Currently, two well-known clinical staging systems are used to classify patients according to risk groups based on clinicopathological characteristics [5]. Two widely accepted methods of hematologically based staging, Rai and Binet systems, have been used in both routine patients and in clinical trials, and have some similarities. The Rai classification is based on the presence or absence of lymphadenopathy and peripheral blood lymphocytosis, platelet count, hemoglobin (Hb) level. In the Binet staging system, CLL is categorized according to the number of lymphoid tissues, the presence of anemia and thrombocytopenia [6]. Fluorescence in situ hybridization (FISH) detects chromosomal anomalies in more than 80.0% of CLL cases, most of which are chromosomal deletions [7]. The most frequent chromosomal abnormalities are deletions of the TP53 gene located on 17p13 (8.0%), trisomy 12 (16.0%), 11q22.3-q23.1 deletions (19.0%) and 13q14 deletions (53.0%). Patients with 17p deletion (17p-) and 11q deletion (11q-) are associated with poor prognosis and short survival. The 13q deletion (13q-) is associated with a slower progressive form of the disease and a better prognosis [8].

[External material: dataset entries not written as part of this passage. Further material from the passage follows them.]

theorem coeff_banach_frame_cond:
  "banach_frame_cond (dual_on (X s) (ns s)) (opnorm (X s) (ns s)) (seqdual (T s) (tn s))
     (seqdual_norm (T s) (tn s)) (\<lambda>h i. h (f i))"
  unfolding banach_frame_cond_def frame_cond_def
proof (intro conjI exI[of _ "dual_reconstruction s"] ballI)
  show "bessel_cond (dual_on (X s) (ns s)) (opnorm (X s) (ns s)) (seqdual (T s) (tn s))
      (seqdual_norm (T s) (tn s)) (\<lambda>h i. h (f i))"
    by (rule coeff_bessel)
  obtain B where B: "B > 0" "\<And>x. x \<in> XF \<Longrightarrow> tn s (\<lambda>i. g i x) \<le> B * ns s x"
    using analysis_bound by blast
  have opnorm_le: "opnorm (X s) (ns s) (dual_reconstruction s d) \<le> B * seqdual_norm (T s) (tn s) d"
    if "d \<in> seqdual (T s) (tn s)" for d
    using opnorm_dual_reconstruction[OF that] B by simp
  \<comment> \<open>the lower frame bound is the boundedness of the reconstruction operator\<close>
  show "\<exists>A>0. \<forall>h\<in>dual_on (X s) (ns s).
      A * opnorm (X s) (ns s) h \<le> seqdual_norm (T s) (tn s) (\<lambda>i. h (f i))"
  proof (intro exI[of _ "1 / B"] conjI ballI)
    fix h assume h: "h \<in> dual_on (X s) (ns s)"
    show "1 / B * opnorm (X s) (ns s) h \<le> seqdual_norm (T s) (tn s) (\<lambda>i. h (f i))"
      using opnorm_le[OF coeff_seqdual[OF h]] dual_reconstruction_coeff[OF h] B(1)
      by (simp add: field_simps)
  qed (use B(1) in simp)
  show "lin_on (seqdual (T s) (tn s)) (dual_reconstruction s)" by (rule lin_on_dual_reconstruction)
  show "dual_reconstruction s d \<in> dual_on (X s) (ns s)" if "d \<in> seqdual (T s) (tn s)" for d
    using dual_reconstruction(1)[OF that] .
  show "\<exists>K. \<forall>d\<in>seqdual (T s) (tn s).
      opnorm (X s) (ns s) (dual_reconstruction s d) \<le> K * seqdual_norm (T s) (tn s) d"
    using opnorm_le by blast
  show "dual_reconstruction s (\<lambda>i. h (f i)) = h" if "h \<in> dual_on (X s) (ns s)" for h
    using dual_reconstruction_coeff[OF that] .
qed

end

theorem theorem3p6:
  fixes X :: "nat \<Rightarrow> 'a::real_vector set" and ns :: "nat \<Rightarrow> 'a \<Rightarrow> real"
    and T :: "nat \<Rightarrow> (nat \<Rightarrow> real) set" and tn :: "nat \<Rightarrow> (nat \<Rightarrow> real) \<Rightarrow> real"
    and g :: "nat \<Rightarrow> 'a \<Rightarrow> real"
  assumes "F_seq X ns"
    and "F_seq T tn"
    and "\<forall>s. cb_space (T s) (tn s)"
    and "F_bessel X ns T tn g"
  shows "((\<exists>f. DF_bessel X ns T tn f \<and> F_reconstructs X ns g f) \<longleftrightarrow> F_frame X ns T tn g)
    \<and> (\<forall>f. DF_bessel X ns T tn f \<and> F_reconstructs X ns g f \<longrightarrow>
          ((\<forall>s. cb_space (seqdual (T s) (tn s)) (seqdual_norm (T s) (tn s))) \<longrightarrow> pre_DF_frame X ns T tn f)
        \<and> ((\<forall>s. reflexive_on (T s) (tn s)) \<longrightarrow> DF_frame X ns T tn f))"
proof -
  interpret F_bessel_setting X ns T tn g
    using assms by unfold_locales auto
  have consequences: "F_frame X ns T tn g \<and> pre_DF_frame X ns T tn f \<and> DF_frame X ns T tn f"
    if "DF_bessel X ns T tn f" "F_reconstructs X ns g f" for f
  proof -
    interpret F_bessel_pair X ns T tn g f by unfold_locales (fact that)+
    have "frame_cond (dual_on (X s) (ns s)) (opnorm (X s) (ns s)) (seqdual (T s) (tn s))
        (seqdual_norm (T s) (tn s)) (\<lambda>h i. h (f i))" for s
      using coeff_banach_frame_cond unfolding banach_frame_cond_def by blast
    then show ?thesis
      using analysis_F_frame f_XF coeff_banach_frame_cond unfolding pre_DF_frame_def DF_frame_def by blast
  qed
  then show ?thesis using F_frame_imp_DF_bessel by blast
qed

end
lemma C_mult_unpert_index:
  assumes y: "\<forall>k\<in>{1..n}. y k \<in> carrier_vec (d k)" and i: "2 \<le> i" "i \<le> n" and r: "r < d i"
  shows "(C i *\<^sub>v unpert y (i - 1)) $ r
         = (\<Sum>j\<in>{1..<i}. (-1) ^ (i - 1 - j) * (C i *\<^sub>v (D (i - 1) j *\<^sub>v y j)) $ r)"
proof -
  have Ci: "C i \<in> carrier_mat (d i) (d (i - 1))" using Cdim i by auto
  have "i - 1 \<in> {1..n}" using i by auto
  then have yi': "y (i - 1) \<in> carrier_vec (d (i - 1))" using y by blast
  have "D (i - 1) j *\<^sub>v y j \<in> carrier_vec (d (i - 1))" if "j \<in> {1..<i - 1}" for j
  proof -
    have "D (i - 1) j \<in> carrier_mat (d (i - 1)) (d j)" using Dm_carrier that i by auto
    moreover have "y j \<in> carrier_vec (d j)" using y that i by auto
    ultimately show ?thesis by simp
  qed
  then have "(C i *\<^sub>v unpert y (i - 1)) $ r = (C i *\<^sub>v (D (i - 1) (i - 1) *\<^sub>v y (i - 1))) $ r
        + (\<Sum>j\<in>{1..<i - 1}. (-1) ^ (i - 1 - j) * (C i *\<^sub>v (D (i - 1) j *\<^sub>v y j)) $ r)"
    unfolding unpert_def using Dm_diag[of "i - 1"] i yi'
    by (subst mult_mat_vec_lincomb_index[OF Ci yi' _ r]) auto
  moreover have "{1..<i} = insert (i - 1) {1..<i - 1}" using i by auto
  ultimately show ?thesis by simp
qed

The P53 gene protects the integrity of the genome. The p53 gene is functionally ineffective in all cancers and has a role in preventing tumorigenesis [9]. The P53 pathway responds to stresses in cell division and replication. Stress signals are also transmitted to the p53 protein [10]. In response to the P53 activation, P53-mediated down-stream events consist of cell cycle arrest and apoptosis. DNA damage can activate p53 with the inclusion of DNA double-strand break and DNA repair intermediates following chemical damage to DNA. In this case, there is an increase in p53 level of the cell and activation of p53 as a transcription factor [11].

Determining the prognosis of CLL patients is important for survival and remission. Prognostic parameters should be considered in the genetic evaluation of the process of the disease. By determining the differences in gene expression in CLL cases, it will be possible to use them as markers. There are few studies in the literature regarding the overall evaluation of genes in the p53 pathway. Thus, we designed the current study to perform expression profiling of 22 genes for the first time in CLL. We aimed to obtain new data with respect to the pathogenesis of the disease and infer new molecular markers related to prognosis of CLL. Our results are possibly significance for clarifying the currently unknown molecular pathogenesis of CLL. In this study, the most frequently selected two housekeeping genes (HKG), were used as candidates for normalizing RT² Profiler polymerase chain reaction (PCR) Array data in CLL. These genes are β-actin (ACTE) and β2-microglobulin (β2-A/G).

In the present study, we performed expression profiling of 22 genes (ATM, ATR, BAX, CASP9, CDK4, CD-KN1A, CDKN2A, CHEK1, CHEK2, E2F1, GADD45A, MDM2, MDM4, PCNA, RB1, TP53, BCL2, APAF1, E2F3, MCL1, PTEN, PTX3) in the p53 pathway, which are related to apoptosis, proliferation, cell cycle, cell growth, differentiation and DNA repair processes. We also looked for a possible relation between gene expression alterations and cytogenetic abnormalities.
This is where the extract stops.